=== What you will do ===
In the entries below, find each line with the word "cconj" and return it.

=== Stored data entries ===

# # # # # # #

(* Let $\mathrm{f}$ be a chief factor function, $G$ a finite group, $K\trianglelefteq G$, and $H/T$ a non-abelian chief factor of $G$ with $K\le T$. Define $Z_1,Z_2$ by $Z_1/K=\mathrm{Z}(G/K,\mathrm{f})\cap T/K$ and $Z_2/K=\mathrm{Z}(G/K,\mathrm{f})\cap H/K$. If $\mathrm{f}(H/T,G)=0$ then $Z_2=Z_1$. If $\mathrm{f}(H/T,G)=1$, let $C$ be the subgroup with $Z_1\le C$ and $C/Z_1=\big(C_{H/Z_1}(T/Z_1)\big)^{\mathfrak{S}}$. Then $Z_2\ne Z_1$ if and only if $|C/Z_1|=|H/T|$, and in that case $Z_2=C$.
   Context: A chief factor function is a function $\mathrm{f}$ assigning $0$ or $1$ to every pair $(H/K,G)$ with $G$ a finite group and $H/K$ a chief factor of $G$, such that: (1) $\mathrm{f}(H/K,G)=\mathrm{f}(M/N,G)$ whenever $H/K$ and $M/N$ are $G$-isomorphic chief factors of $G$; (2) $\mathrm{f}(H/K,G)=\mathrm{f}((H/N)/(K/N),G/N)$ for every $N\trianglelefteq G$ with $N\le K$. $\mathrm{Z}(G,\mathrm{f})$ denotes the greatest normal subgroup of $G$ such that $\mathrm{f}(H/K,G)=1$ for every chief factor $H/K$ of $G$ with $H\le \mathrm{Z}(G,\mathrm{f})$. For a group $X$, $X^{\mathfrak{S}}$ is the soluble residual, i.e. the smallest normal subgroup of $X$ with soluble quotient. *)

theory Defs
  imports "HOL-Algebra.Algebra"
begin

definition chief_factor :: "'a monoid \<Rightarrow> 'a set \<Rightarrow> 'a set \<Rightarrow> bool" where
  "chief_factor G H K \<longleftrightarrow> H \<lhd> G \<and> K \<lhd> G \<and> K \<subset> H \<and>
     (\<forall>N. N \<lhd> G \<and> K \<subseteq> N \<and> N \<subseteq> H \<longrightarrow> N = K \<or> N = H)"

definition sect :: "'a monoid \<Rightarrow> 'a set \<Rightarrow> 'a set \<Rightarrow> 'a set monoid" where
  "sect G H K = FactGroup (G\<lparr>carrier := H\<rparr>) K"

definition cconj :: "'a monoid \<Rightarrow> 'a \<Rightarrow> 'a set \<Rightarrow> 'a set" where
  "cconj G g Y = (\<lambda>y. monoid.mult G (monoid.mult G (m_inv G g) y) g) ` Y"

definition G_isomorphic :: "'a monoid \<Rightarrow> 'a set \<Rightarrow> 'a set \<Rightarrow> 'a set \<Rightarrow> 'a set \<Rightarrow> bool" where
  "G_isomorphic G H K M N \<longleftrightarrow> (\<exists>\<phi>. \<phi> \<in> iso (sect G H K) (sect G M N) \<and>
     (\<forall>g \<in> carrier G. \<forall>x \<in> carrier (sect G H K). \<phi> (cconj G g x) = cconj G g (\<phi> x)))"

definition cff_iso_invariant :: "('a monoid \<Rightarrow> 'a set \<Rightarrow> 'a set \<Rightarrow> bool) \<Rightarrow> bool" where
  "cff_iso_invariant f \<longleftrightarrow> (\<forall>G H K M N. group G \<and> finite (carrier G) \<and>
     chief_factor G H K \<and> chief_factor G M N \<and> G_isomorphic G H K M N \<longrightarrow> f G H K = f G M N)"

definition quot_img :: "'a monoid \<Rightarrow> 'a set \<Rightarrow> 'a set \<Rightarrow> 'a set set" where
  "quot_img G H N = (\<lambda>h. r_coset G N h) ` H"

definition cff_quot_compat :: "('a monoid \<Rightarrow> 'a set \<Rightarrow> 'a set \<Rightarrow> bool)
     \<Rightarrow> ('a set monoid \<Rightarrow> 'a set set \<Rightarrow> 'a set set \<Rightarrow> bool) \<Rightarrow> bool" where
  "cff_quot_compat f0 f1 \<longleftrightarrow> (\<forall>G H K N. group G \<and> finite (carrier G) \<and>
     chief_factor G H K \<and> N \<lhd> G \<and> N \<subseteq> K \<longrightarrow>
       f1 (FactGroup G N) (quot_img G H N) (quot_img G K N) = f0 G H K)"

text \<open>A chief factor function, restricted to the groups on type 'a and on type 'a set
  (True stands for the value 1, False for 0).\<close>
definition chief_factor_function :: "('a monoid \<Rightarrow> 'a set \<Rightarrow> 'a set \<Rightarrow> bool)
     \<Rightarrow> ('a set monoid \<Rightarrow> 'a set set \<Rightarrow> 'a set set \<Rightarrow> bool) \<Rightarrow> bool" where
  "chief_factor_function f0 f1 \<longleftrightarrow> cff_iso_invariant f0 \<and> cff_iso_invariant f1 \<and>
     cff_quot_compat f0 f1"

definition ZF :: "'b monoid \<Rightarrow> ('b monoid \<Rightarrow> 'b set \<Rightarrow> 'b set \<Rightarrow> bool) \<Rightarrow> 'b set" where
  "ZF G f = (GREATEST Z. Z \<lhd> G \<and>
     (\<forall>A B. chief_factor G A B \<and> A \<subseteq> Z \<longrightarrow> f G A B))"

definition centralizer :: "'b monoid \<Rightarrow> 'b set \<Rightarrow> 'b set" where
  "centralizer Y S = {x \<in> carrier Y. \<forall>s \<in> S. monoid.mult Y x s = monoid.mult Y s x}"

definition sol_res :: "'b monoid \<Rightarrow> 'b set" where
  "sol_res Y = (LEAST N. N \<lhd> Y \<and> solvable (FactGroup Y N))"

end

theory Submission
  imports Defs
begin
lemma set_mult_memI: "x \<in> U \<Longrightarrow> y \<in> V \<Longrightarrow> x \<otimes>\<^bsub>G\<^esub> y \<in> U <#>\<^bsub>G\<^esub> V"
  unfolding set_mult_def by auto

lemma set_mult_memE:
  "w \<in> U <#>\<^bsub>G\<^esub> V \<Longrightarrow> (\<And>x y. x \<in> U \<Longrightarrow> y \<in> V \<Longrightarrow> w = x \<otimes>\<^bsub>G\<^esub> y \<Longrightarrow> P) \<Longrightarrow> P"
  unfolding set_mult_def by auto

context group
begin

lemma inv_mult_cancel_left: "x \<in> carrier G \<Longrightarrow> y \<in> carrier G \<Longrightarrow> inv x \<otimes> (x \<otimes> y) = y"
  by (simp add: m_assoc [symmetric])

lemma mult_inv_cancel_left: "x \<in> carrier G \<Longrightarrow> y \<in> carrier G \<Longrightarrow> x \<otimes> (inv x \<otimes> y) = y"
  by (simp add: m_assoc [symmetric])

lemma commutator_eq_one_if_commute:
  assumes "x \<in> carrier G" "y \<in> carrier G" "x \<otimes> y = y \<otimes> x"
  shows "x \<otimes> y \<otimes> inv x \<otimes> inv y = \<one>"
  using assms by (simp add: m_assoc mult_inv_cancel_left)

lemma set_mult_subset_subgroup:
  assumes "subgroup S G" "U \<subseteq> S" "V \<subseteq> S"
  shows "U <#> V \<subseteq> S"
proof
  fix w assume "w \<in> U <#> V"
  then obtain x y where "x \<in> U" "y \<in> V" "w = x \<otimes> y" by (rule set_mult_memE)
  thus "w \<in> S" using assms subgroup.m_closed[OF assms(1)] by auto
qed

lemma set_mult_subgroup_left:
  assumes "subgroup V G" "U \<subseteq> carrier G"
  shows "U \<subseteq> U <#> V"
proof
  fix u assume "u \<in> U"
  hence "u \<otimes> \<one> \<in> U <#> V" using set_mult_memI[where G=G] subgroup.one_closed[OF assms(1)] by blast
  thus "u \<in> U <#> V" using \<open>u \<in> U\<close> assms(2) by auto
qed

lemma set_mult_subgroup_right:
  assumes "subgroup U G" "V \<subseteq> carrier G"
  shows "V \<subseteq> U <#> V"
proof
  fix v assume "v \<in> V"
  hence "\<one> \<otimes> v \<in> U <#> V" using set_mult_memI[where G=G] subgroup.one_closed[OF assms(1)] by blast
  thus "v \<in> U <#> V" using \<open>v \<in> V\<close> assms(2) by auto
qed
lemma root_in_V: "root \<in> V"
  and status_root_le: "v \<in> V \<Longrightarrow> s root \<le> s v"
proof -
  have "V \<noteq> {}"
    using connected by (simp add: connected_graph_def)
  then show "root \<in> V" "v \<in> V \<Longrightarrow> s root \<le> s v"
    unfolding root_def using finite_V by (simp_all add: arg_min_if_finite(1) arg_min_least)
qed

lemma not_downhill_root: "\<not> downhill root c"
  unfolding downhill_def using status_root_le leD by blast

lemma downhill_exists:
  assumes "u \<in> V" "u \<noteq> root"
  shows "\<exists>c. downhill u c"
proof (rule ccontr)
  assume "\<not> (\<exists>c. downhill u c)"
  then have "s u = s root"
    using local_min_status_le[OF assms(1) _ root_in_V] status_root_le[OF assms(1)] by simp
  then show False
    using status_inj assms root_in_V by (auto dest: inj_onD)
qed

definition parent :: "'a \<Rightarrow> 'a" where
  "parent u = (THE c. downhill u c)"

lemma parent_eq: "downhill u c \<Longrightarrow> parent u = c"
  unfolding parent_def using downhill_unique by blast

lemma downhill_parent: "u \<in> V \<Longrightarrow> u \<noteq> root \<Longrightarrow> downhill u (parent u)"
  using downhill_exists parent_eq by blast

lemma
  assumes "u \<in> V" "u \<noteq> root"
  shows parent_in_V: "parent u \<in> V"
    and edge_parent: "{u, parent u} \<in> E"
    and status_parent_less: "s (parent u) < s u"
  using downhill_parent[OF assms] by (auto simp: downhill_def)

lemma edge_iff_parent:
  assumes "a \<in> V" "b \<in> V"
  shows "{a, b} \<in> E \<longleftrightarrow> (a \<noteq> root \<and> parent a = b) \<or> (b \<noteq> root \<and> parent b = a)"
proof
  assume edge: "{a, b} \<in> E"
  then have "s a \<noteq> s b"
    using edge_vertices status_inj assms by (metis inj_onD)
  then have "downhill a b \<or> downhill b a"
    using edge assms by (auto simp: downhill_def insert_commute)
  then show "(a \<noteq> root \<and> parent a = b) \<or> (b \<noteq> root \<and> parent b = a)"
    using not_downhill_root parent_eq by blast
next
  assume "(a \<noteq> root \<and> parent a = b) \<or> (b \<noteq> root \<and> parent b = a)"
  then show "{a, b} \<in> E"
    using edge_parent assms by (auto simp: insert_commute)
qed

definition children :: "'a \<Rightarrow> 'a set" where
  "children u = {c \<in> V. c \<noteq> root \<and> parent c = u}"

definition subtree_size :: "'a \<Rightarrow> nat" where
  "subtree_size u = card (branch u (parent u))"

lemma neighbors_minus_parent:
  assumes "u \<in> V" "u \<noteq> root"
  shows "neighbors u - {parent u} = children u"
proof (intro equalityI subsetI)
  fix c
  assume "c \<in> neighbors u - {parent u}"
  then have c: "c \<in> V" "{u, c} \<in> E" "c \<noteq> parent u"
    by (auto simp: neighbors_def)
  have "s c \<noteq> s u"
    using inj_onD[OF status_inj _ c(1) assms(1)] edge_vertices(3)[OF c(2)] by auto
  moreover have "\<not> s c < s u"
    using parent_eq c by (auto simp: downhill_def)
  ultimately have "downhill c u"
    using assms(1) c(2) by (auto simp: downhill_def insert_commute)
  then show "c \<in> children u"
    using not_downhill_root parent_eq c(1) by (auto simp: children_def)
next
  fix c
  assume "c \<in> children u"
  then have c: "c \<in> V" "c \<noteq> root" "parent c = u"
    by (simp_all add: children_def)
  have "{u, c} \<in> E"
    using edge_parent[OF c(1,2)] c(3) by (simp add: insert_commute)
  moreover have "c \<noteq> parent u"
    using status_parent_less[OF c(1,2)] status_parent_less[OF assms] c(3) by auto
  ultimately show "c \<in> neighbors u - {parent u}"
    using c(1) by (simp add: neighbors_def)
qed

lemma subtree_size_rec:
  assumes "u \<in> V" "u \<noteq> root"
  shows "subtree_size u = Suc (\<Sum>c \<in> children u. subtree_size c)"
proof -
  have "subtree_size u = Suc (\<Sum>c \<in> children u. card (branch c u))"
    using card_branch_decomp[OF edge_parent[OF assms]] neighbors_minus_parent[OF assms]
    by (simp add: subtree_size_def)
  also have "(\<Sum>c \<in> children u. card (branch c u)) = (\<Sum>c \<in> children u. subtree_size c)"
    by (intro sum.cong) (auto simp: children_def subtree_size_def)
  finally show ?thesis .
qed

lemma status_parent:
  assumes "u \<in> V" "u \<noteq> root"
  shows "s (parent u) + n = s u + 2 * subtree_size u"
  using status_edge[OF edge_parent[OF assms]] by (simp add: subtree_size_def)

end

locale status_matching =
  T: status_injective_tree V E + T': status_injective_tree V' E'
  for V :: "'a set" and E :: "'a set set" and V' :: "'b set" and E' :: "'b set set" +
  assumes card_eq: "card V' = card V"
    and status_image_eq: "status V' E' ` V' = status V E ` V"
begin

definition match :: "'b \<Rightarrow> 'a" where
  "match a = inv_into V T.s (T'.s a)"

lemma
  assumes "a \<in> V'"
  shows match_in_V: "match a \<in> V"
    and status_match: "T.s (match a) = T'.s a"
proof -
  have "T'.s a \<in> T.s ` V"
    using assms status_image_eq by blast
  then show "match a \<in> V" "T.s (match a) = T'.s a"
    unfolding match_def by (auto intro: inv_into_into f_inv_into_f)
qed

lemma match_eqI: "a \<in> V' \<Longrightarrow> v \<in> V \<Longrightarrow> T.s v = T'.s a \<Longrightarrow> match a = v"
  using status_match match_in_V T.status_inj by (metis inj_onD)

lemma bij_match: "bij_betw match V' V"
proof -
  have inj: "inj_on match V'"
    by (rule inj_onI) (metis status_match T'.status_inj inj_onD)
  moreover have "match ` V' = V"
  proof (rule card_subset_eq[OF T.finite_V])
    show "match ` V' \<subseteq> V"
      using match_in_V by blast
    show "card (match ` V') = card V"
      using card_image[OF inj] card_eq by simp
  qed
  ultimately show ?thesis
    by (simp add: bij_betw_def)
qed

lemma match_inj: "a \<in> V' \<Longrightarrow> b \<in> V' \<Longrightarrow> match a = match b \<Longrightarrow> a = b"
  using bij_betw_imp_inj_on[OF bij_match] by (rule inj_onD)

lemma match_root: "match T'.root = T.root"
proof (rule match_eqI[OF T'.root_in_V T.root_in_V])
  obtain b where b: "b \<in> V'" "T'.s b = T.s T.root"
    using status_image_eq T.root_in_V by (metis imageE imageI)
  have "T.s T.root \<le> T'.s T'.root"
    using T.status_root_le[OF match_in_V] status_match T'.root_in_V by metis
  moreover have "T'.s T'.root \<le> T.s T.root"
    using T'.status_root_le b by metis
  ultimately show "T.s T.root = T'.s T'.root"
    by simp
qed

lemma match_eq_root_iff: "a \<in> V' \<Longrightarrow> match a = T.root \<longleftrightarrow> a = T'.root"
  using match_inj match_root T'.root_in_V by metis

lemma match_children:
  assumes "a \<in> V'"
    and parents: "\<And>c. c \<in> V' \<Longrightarrow> c \<noteq> T'.root \<Longrightarrow> T'.s a < T'.s c \<Longrightarrow>
      match (T'.parent c) = T.parent (match c)"
  shows "match ` T'.children a = T.children (match a)"
proof (intro equalityI subsetI)
  fix v
  assume "v \<in> match ` T'.children a"
  then obtain c where c: "c \<in> V'" "c \<noteq> T'.root" "T'.parent c = a" "v = match c"
    by (auto simp: T'.children_def)
  then have "T.parent v = match a"
    using parents T'.status_parent_less by metis
  then show "v \<in> T.children (match a)"
    using c match_in_V match_eq_root_iff by (auto simp: T.children_def)
next
  fix v
  assume "v \<in> T.children (match a)"
  then have v: "v \<in> V" "v \<noteq> T.root" "T.parent v = match a"
    by (auto simp: T.children_def)
  then obtain c where c: "c \<in> V'" "v = match c"
    using bij_match by (metis bij_betw_imp_surj_on imageE)
  then have "c \<noteq> T'.root"
    using v match_root by auto
  moreover have "T'.s a < T'.s c"
    using T.status_parent_less[OF v(1,2)] v(3) c status_match assms(1) by simp
  ultimately have "T'.parent c = a"
    using parents c v match_inj T'.parent_in_V assms(1) by metis
  then show "v \<in> match ` T'.children a"
    using c \<open>c \<noteq> T'.root\<close> by (auto simp: T'.children_def)
qed

lemma match_subtree_size:
  assumes "a \<in> V'" "a \<noteq> T'.root"
    and higher: "\<And>c. c \<in> V' \<Longrightarrow> c \<noteq> T'.root \<Longrightarrow> T'.s a < T'.s c \<Longrightarrow>
      match (T'.parent c) = T.parent (match c) \<and> T'.subtree_size c = T.subtree_size (match c)"
  shows "T'.subtree_size a = T.subtree_size (match a)"
proof -
  have child: "c \<in> V'" "c \<noteq> T'.root" "T'.s a < T'.s c" if "c \<in> T'.children a" for c
    using that T'.status_parent_less by (auto simp: T'.children_def)
  have inj: "inj_on match (T'.children a)"
    using bij_betw_imp_inj_on[OF bij_match] by (rule inj_on_subset) (auto simp: T'.children_def)
  have "T.subtree_size (match a) = Suc (\<Sum>v \<in> T.children (match a). T.subtree_size v)"
    using T.subtree_size_rec match_in_V match_eq_root_iff assms(1,2) by simp
  also have "\<dots> = Suc (\<Sum>c \<in> T'.children a. T.subtree_size (match c))"
    using match_children[OF assms(1)] higher sum.reindex[OF inj] by (simp add: o_def)
  also have "\<dots> = Suc (\<Sum>c \<in> T'.children a. T'.subtree_size c)"
    using higher child by simp
  also have "\<dots> = T'.subtree_size a"
    using T'.subtree_size_rec[OF assms(1,2)] by simp
  finally show ?thesis
    by simp
qed

lemma match_parent:
  assumes "a \<in> V'" "a \<noteq> T'.root" "T'.subtree_size a = T.subtree_size (match a)"
  shows "match (T'.parent a) = T.parent (match a)"
proof (rule match_eqI)
  have "match a \<in> V" "match a \<noteq> T.root"
    using assms match_in_V match_eq_root_iff by auto
  then show "T.parent (match a) \<in> V" "T.s (T.parent (match a)) = T'.s (T'.parent a)"
    using T.parent_in_V T.status_parent[of "match a"] T'.status_parent[OF assms(1,2)]
      status_match[OF assms(1)] assms(3) card_eq
    by simp_all
qed (use T'.parent_in_V assms in blast)

text \<open>Downward induction on the status: every child has larger status than its parent.\<close>

lemma match_parent_subtree_size:
  "a \<in> V' \<Longrightarrow> a \<noteq> T'.root \<Longrightarrow>
    match (T'.parent a) = T.parent (match a) \<and> T'.subtree_size a = T.subtree_size (match a)"
proof (induction "Max (T'.s ` V') - T'.s a" arbitrary: a rule: less_induct)
  case less
  have "Max (T'.s ` V') - T'.s c < Max (T'.s ` V') - T'.s a"
    if "c \<in> V'" "T'.s a < T'.s c" for c
    using that Max_ge[OF finite_imageI[OF T'.finite_V], of "T'.s c"] by fastforce
  then have "T'.subtree_size a = T.subtree_size (match a)"
    using less match_subtree_size by blast
  then show ?case
    using match_parent less.prems by blast
qed

lemma match_edge_iff:
  assumes "a \<in> V'" "b \<in> V'"
  shows "{a, b} \<in> E' \<longleftrightarrow> {match a, match b} \<in> E"
proof -
  have parent_iff: "(x \<noteq> T'.root \<and> T'.parent x = y) \<longleftrightarrow>
      (match x \<noteq> T.root \<and> T.parent (match x) = match y)" if "x \<in> V'" "y \<in> V'" for x y
    using that match_parent_subtree_size match_eq_root_iff match_inj T'.parent_in_V by metis
  show ?thesis
    using T'.edge_iff_parent[OF assms] T.edge_iff_parent[OF match_in_V match_in_V] assms
      parent_iff[OF assms] parent_iff[OF assms(2,1)] by blast
qed

lemma isomorphic: "graph_isomorphic V' E' V E"
  unfolding graph_isomorphic_def using bij_match match_edge_iff by blast

end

# # # # # # #

=== Answer to this exercise ===
definition cconj :: "'a monoid \<Rightarrow> 'a \<Rightarrow> 'a set \<Rightarrow> 'a set" where
  "cconj G g Y = (\<lambda>y. monoid.mult G (monoid.mult G (m_inv G g) y) g) ` Y"
     (\<forall>g \<in> carrier G. \<forall>x \<in> carrier (sect G H K). \<phi> (cconj G g x) = cconj G g (\<phi> x)))"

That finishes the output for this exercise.